Corbel
- Category: Sans-serif
- Classification: Humanist
- Designer(s): Jeremy Tankard
- Foundry: Microsoft
- Date released: 2004
- License: Proprietary

= Corbel (typeface) =

Humanist sans-serif typeface

Corbel is a humanist sans-serif typeface designed by Jeremy Tankard for Microsoft. It is part of the ClearType Font Collection, a suite of fonts from various designers released with Windows Vista. All start with the letter C to reflect that they were designed to work well with Microsoft's ClearType text rendering system, a text rendering engine designed to make text clearer to read on LCD monitors. The other fonts in the same group are Calibri, Cambria, Candara, Consolas and Constantia.

==Design==

In a blurb for its use, Corbel was described as "designed to give an uncluttered, clean appearance on screen. The letter forms are open with soft, flowing curves. It is legible and clear at small sizes. At larger sizes the detailing and style of the shapes is more apparent." The italic style is a true italic, with influences from serif fonts and calligraphy, with many letters gaining a tail pointing to the right. Many aspects of its design are similar to Calibri and Candara, which are also humanist sans-serif designs; like them it is slightly more condensed than average. Font designer Raph Levien, reviewing it for Typographica, described it as similar to Frutiger. Tankard described his aims in the family's design: “I wanted to move away from the
round i-dot sans fonts we've seen a lot of recently. Less cuddly, more assertive. I wanted the italic to be expressive, not a sloped roman."

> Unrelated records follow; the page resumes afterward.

(* Let $\mathcal{C}$ be a class of formal languages closed under unions and under inverse images of monoid homomorphisms. Let $N$ and $Q$ be finitely generated groups, let $G$ be a group and let $f\colon G\to Q$ be a surjective homomorphism with kernel $N$ (so $G$ is an extension of $N$ by $Q$). Let $P_N\subseteq N$ and $P_Q\subseteq Q$ be $\mathcal{C}$-positive cones of $N$ and $Q$ respectively. Then $f^{-1}(P_Q)\cup P_N$ is a $\mathcal{C}$-positive cone of $G$. In particular, this holds when $\mathcal{C}$ is any full abstract family of languages, such as the class of regular languages, the class of one-counter languages or the class of context-free languages.
   Context: A positive cone of a group $H$ is a subsemigroup $P\subseteq H$ with $H=P\sqcup P^{-1}\sqcup\{1_H\}$ (disjoint union); positive cones correspond to left-orders via $a\prec b\iff a^{-1}b\in P$. A finite generating set of a group $H$ is a finite set $X$ together with a surjective monoid homomorphism $\pi\colon X^*\to H$ from the free monoid on $X$. For a class $\mathcal{C}$ of formal languages, a positive cone $P$ of a finitely generated group $H$ is a $\mathcal{C}$-positive cone if there is a finite generating set $(X,\pi)$ of $H$ and a language $\mathcal{L}\subseteq X^*$ in $\mathcal{C}$ with $\pi(\mathcal{L})=P$. A full abstract family of languages (full AFL) is a class of languages closed under monoid homomorphisms, inverse monoid homomorphisms, intersection with regular languages, unions, concatenation and Kleene closure. A one-counter language is one accepted by a nondeterministic pushdown automaton whose stack alphabet consists of a single symbol. *)

theory Defs
  imports "HOL-Algebra.Algebra"
begin

(* Letters of all alphabets are drawn from nat; a language is a set of words (nat lists)
   over some finite alphabet. A class of languages is a set of such languages. *)

definition language_class :: "nat list set set \<Rightarrow> bool" where
  "language_class C \<longleftrightarrow> (\<forall>L\<in>C. \<exists>S. finite S \<and> L \<subseteq> lists S)"

definition closed_under_unions :: "nat list set set \<Rightarrow> bool" where
  "closed_under_unions C \<longleftrightarrow> (\<forall>L1\<in>C. \<forall>L2\<in>C. L1 \<union> L2 \<in> C)"

(* a monoid homomorphism h : Y^* \<rightarrow> Sigma^* is determined by the images g y of the letters:
   h w = concat (map g w); its inverse image of L is the set of words over Y mapped into L *)
definition closed_under_inverse_homs :: "nat list set set \<Rightarrow> bool" where
  "closed_under_inverse_homs C \<longleftrightarrow>
     (\<forall>L\<in>C. \<forall>Y (g :: nat \<Rightarrow> nat list). finite Y \<longrightarrow>
        {w \<in> lists Y. concat (map g w) \<in> L} \<in> C)"

definition word_eval :: "('g, 'b) monoid_scheme \<Rightarrow> (nat \<Rightarrow> 'g) \<Rightarrow> nat list \<Rightarrow> 'g" where
  "word_eval H e w = foldr (\<lambda>x acc. e x \<otimes>\<^bsub>H\<^esub> acc) w \<one>\<^bsub>H\<^esub>"

definition fin_gen_group :: "('g, 'b) monoid_scheme \<Rightarrow> bool" where
  "fin_gen_group H \<longleftrightarrow> group H \<and> (\<exists>A. finite A \<and> A \<subseteq> carrier H \<and> generate H A = carrier H)"

definition positive_cone :: "('g, 'b) monoid_scheme \<Rightarrow> 'g set \<Rightarrow> bool" where
  "positive_cone H P \<longleftrightarrow>
     P \<subseteq> carrier H \<and>
     (\<forall>a\<in>P. \<forall>b\<in>P. a \<otimes>\<^bsub>H\<^esub> b \<in> P) \<and>
     carrier H = P \<union> (m_inv H) ` P \<union> {\<one>\<^bsub>H\<^esub>} \<and>
     P \<inter> (m_inv H) ` P = {} \<and> \<one>\<^bsub>H\<^esub> \<notin> P \<and> \<one>\<^bsub>H\<^esub> \<notin> (m_inv H) ` P"

definition fin_gen_set :: "('g, 'b) monoid_scheme \<Rightarrow> nat set \<Rightarrow> (nat \<Rightarrow> 'g) \<Rightarrow> bool" where
  "fin_gen_set H S e \<longleftrightarrow> finite S \<and> e ` S \<subseteq> carrier H \<and> word_eval H e ` lists S = carrier H"

definition C_positive_cone :: "nat list set set \<Rightarrow> ('g, 'b) monoid_scheme \<Rightarrow> 'g set \<Rightarrow> bool" where
  "C_positive_cone C H P \<longleftrightarrow> positive_cone H P \<and>
     (\<exists>S e L. fin_gen_set H S e \<and> L \<in> C \<and> L \<subseteq> lists S \<and> word_eval H e ` L = P)"

end

theory Submission
  imports Defs
begin

(* The cone is lexicographic: g is positive if f g is positive in Q, or if f g = 1 and g is
   positive in N.  Splitting on whether f x = 1 reduces closure and trichotomy in G to those
   in Q and in N.
   For the language, generate G by the generators of N together with preimages of the
   generators of Q.  Erasing the N-letters is a monoid homomorphism of words compatible with f,
   and every g is represented by a word over any given word u for f g: spell u with the lifted
   letters and correct by a word for the kernel element that remains.  Hence f^-1(P_Q) is the
   image of the inverse image of L_Q, P_N is the image of a renamed copy of L_N, and both
   languages, as well as their union, lie in C. *)

lemma (in group) positive_cone_iff:
  "positive_cone G P \<longleftrightarrow>
     P \<subseteq> carrier G \<and> (\<forall>a\<in>P. \<forall>b\<in>P. a \<otimes> b \<in> P) \<and> \<one> \<notin> P \<and>
     (\<forall>x \<in> carrier G - {\<one>}. x \<in> P \<longleftrightarrow> inv x \<notin> P)"
proof
  assume cone: "positive_cone G P"
  then have P: "P \<subseteq> carrier G" and mult: "\<forall>a\<in>P. \<forall>b\<in>P. a \<otimes> b \<in> P"
    and one: "\<one> \<notin> P" and cover: "carrier G = P \<union> m_inv G ` P \<union> {\<one>}"
    and disjoint: "P \<inter> m_inv G ` P = {}"
    unfolding positive_cone_def by blast+
  have trichotomy: "x \<in> P \<longleftrightarrow> inv x \<notin> P" if x: "x \<in> carrier G - {\<one>}" for x
  proof -
    have "x \<notin> P \<inter> m_inv G ` P" using disjoint by blast
    then have "\<not> (x \<in> P \<and> inv x \<in> P)" using x by (metis DiffD1 IntI image_eqI inv_inv)
    moreover have "x \<in> P \<union> m_inv G ` P" using x cover by blast
    ultimately show ?thesis using x P by auto
  qed
  show "P \<subseteq> carrier G \<and> (\<forall>a\<in>P. \<forall>b\<in>P. a \<otimes> b \<in> P) \<and> \<one> \<notin> P \<and>
     (\<forall>x \<in> carrier G - {\<one>}. x \<in> P \<longleftrightarrow> inv x \<notin> P)"
    using P mult one trichotomy by blast
next
  assume "P \<subseteq> carrier G \<and> (\<forall>a\<in>P. \<forall>b\<in>P. a \<otimes> b \<in> P) \<and> \<one> \<notin> P \<and>
     (\<forall>x \<in> carrier G - {\<one>}. x \<in> P \<longleftrightarrow> inv x \<notin> P)"
  then have P: "P \<subseteq> carrier G" and mult: "\<forall>a\<in>P. \<forall>b\<in>P. a \<otimes> b \<in> P" and one: "\<one> \<notin> P"
    and tri: "\<forall>x \<in> carrier G - {\<one>}. x \<in> P \<longleftrightarrow> inv x \<notin> P" by blast+
  have "carrier G = P \<union> m_inv G ` P \<union> {\<one>}"
  proof (intro equalityI subsetI)
    fix x assume "x \<in> P \<union> m_inv G ` P \<union> {\<one>}"
    then show "x \<in> carrier G" using P by auto
  next
    fix x assume x: "x \<in> carrier G"
    show "x \<in> P \<union> m_inv G ` P \<union> {\<one>}"
    proof (cases "x = \<one> \<or> x \<in> P")
      case False
      then have "inv x \<in> P" using x tri by blast
      then show ?thesis using x by (metis UnI1 UnI2 image_eqI inv_inv)
    qed blast
  qed
  moreover have "P \<inter> m_inv G ` P = {}"
  proof (rule equals0I)
    fix x assume "x \<in> P \<inter> m_inv G ` P"
    then obtain y where "x \<in> P" "y \<in> P" "x = inv y" by blast
    moreover have "y \<in> carrier G - {\<one>}" using \<open>y \<in> P\<close> P one by blast
    ultimately show False using tri by blast
  qed
  moreover have "\<one> \<notin> m_inv G ` P"
  proof
    assume "\<one> \<in> m_inv G ` P"
    then obtain y where "y \<in> P" "inv y = \<one>" by (metis imageE)
    then show False using P one by (metis inv_eq_1_iff subsetD)
  qed
  ultimately show "positive_cone G P" using P mult one unfolding positive_cone_def by blast
qed

lemma (in group) subgroup_positive_cone_iff:
  assumes "subgroup K G"
  shows "positive_cone (G\<lparr>carrier := K\<rparr>) P \<longleftrightarrow>
     P \<subseteq> K \<and> (\<forall>a\<in>P. \<forall>b\<in>P. a \<otimes> b \<in> P) \<and> \<one> \<notin> P \<and>
     (\<forall>x \<in> K - {\<one>}. x \<in> P \<longleftrightarrow> inv x \<notin> P)"
  using group.positive_cone_iff[OF subgroup.subgroup_is_group[OF assms is_group]] assms
  by simp

lemma mem_kernel_iff: "x \<in> kernel G H h \<longleftrightarrow> x \<in> carrier G \<and> h x = \<one>\<^bsub>H\<^esub>"
  by (simp add: kernel_def)

lemma (in group_hom) positive_cone_extension:
  assumes cone_N: "positive_cone (G\<lparr>carrier := kernel G H h\<rparr>) PN"
    and cone_H: "positive_cone H PH"
  shows "positive_cone G ((h -` PH \<inter> carrier G) \<union> PN)"
proof -
  define P where "P = (h -` PH \<inter> carrier G) \<union> PN"
  have N: "PN \<subseteq> kernel G H h" "\<forall>a\<in>PN. \<forall>b\<in>PN. a \<otimes> b \<in> PN" "\<one> \<notin> PN"
    "\<forall>x \<in> kernel G H h - {\<one>}. x \<in> PN \<longleftrightarrow> inv x \<notin> PN"
    using cone_N unfolding G.subgroup_positive_cone_iff[OF subgroup_kernel] by blast+
  have Q: "PH \<subseteq> carrier H" "\<forall>a\<in>PH. \<forall>b\<in>PH. a \<otimes>\<^bsub>H\<^esub> b \<in> PH" "\<one>\<^bsub>H\<^esub> \<notin> PH"
    "\<forall>y \<in> carrier H - {\<one>\<^bsub>H\<^esub>}. y \<in> PH \<longleftrightarrow> inv\<^bsub>H\<^esub> y \<notin> PH"
    using cone_H unfolding H.positive_cone_iff by blast+
  have PN_h: "a \<in> carrier G \<and> h a = \<one>\<^bsub>H\<^esub>" if "a \<in> PN" for a
    using that N(1) by (auto simp: mem_kernel_iff)
  have P_iff: "x \<in> P \<longleftrightarrow> (if h x = \<one>\<^bsub>H\<^esub> then x \<in> PN else h x \<in> PH)" if "x \<in> carrier G" for x
    using that Q(3) PN_h by (auto simp: P_def)
  have "P \<subseteq> carrier G" using PN_h by (auto simp: P_def)
  moreover have "a \<otimes> b \<in> P" if ab: "a \<in> P" "b \<in> P" for a b
  proof -
    have ab_G: "a \<in> carrier G" "b \<in> carrier G" using ab \<open>P \<subseteq> carrier G\<close> by auto
    consider "a \<in> PN" "b \<in> PN" | "a \<in> PN" "h b \<in> PH" | "h a \<in> PH" "b \<in> PN"
      | "h a \<in> PH" "h b \<in> PH"
      using ab by (auto simp: P_def)
    then show ?thesis
      using ab_G N(2) Q(1,2) PN_h by cases (auto simp: P_def subsetD)
  qed
  moreover have "\<one> \<notin> P" using N(3) Q(3) by (auto simp: P_def)
  moreover have "x \<in> P \<longleftrightarrow> inv x \<notin> P" if x: "x \<in> carrier G - {\<one>}" for x
  proof (cases "h x = \<one>\<^bsub>H\<^esub>")
    case True
    then have "x \<in> kernel G H h - {\<one>}" using x by (simp add: mem_kernel_iff)
    moreover have "x \<in> P \<longleftrightarrow> x \<in> PN" and "inv x \<in> P \<longleftrightarrow> inv x \<in> PN"
      using x True P_iff by simp_all
    ultimately show ?thesis using N(4) by blast
  next
    case False
    then have "h x \<in> carrier H - {\<one>\<^bsub>H\<^esub>}" using x by simp
    moreover have "x \<in> P \<longleftrightarrow> h x \<in> PH" and "inv x \<in> P \<longleftrightarrow> inv\<^bsub>H\<^esub> h x \<in> PH"
      using x False P_iff by simp_all
    ultimately show ?thesis using Q(4) by blast
  qed
  ultimately show ?thesis unfolding P_def[symmetric] G.positive_cone_iff by blast
qed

Corbel by default renders numbers as text figures (old style or lowercase numerals), which are preferred for integrating figures into running text. This is an uncommon choice in sans-serif faces, especially those designed for display on a screen, but several of the other ClearType fonts also make this the default option; lining figures can be suggested using an OpenType stylistic alternates menu or CSS font-variant-numeric:lining-nums. Text figures are also found in Microsoft's serif Georgia typeface.

==Releases==

It is distributed with Microsoft Excel Viewer, Microsoft PowerPoint Viewer, the Microsoft Office Compatibility Pack for Microsoft Windows and the Open XML File Format Converter for Mac.

For use in other operating systems, such as Linux, cross-platform use and web use it is not available as a freeware and is licensed and sold by Ascender.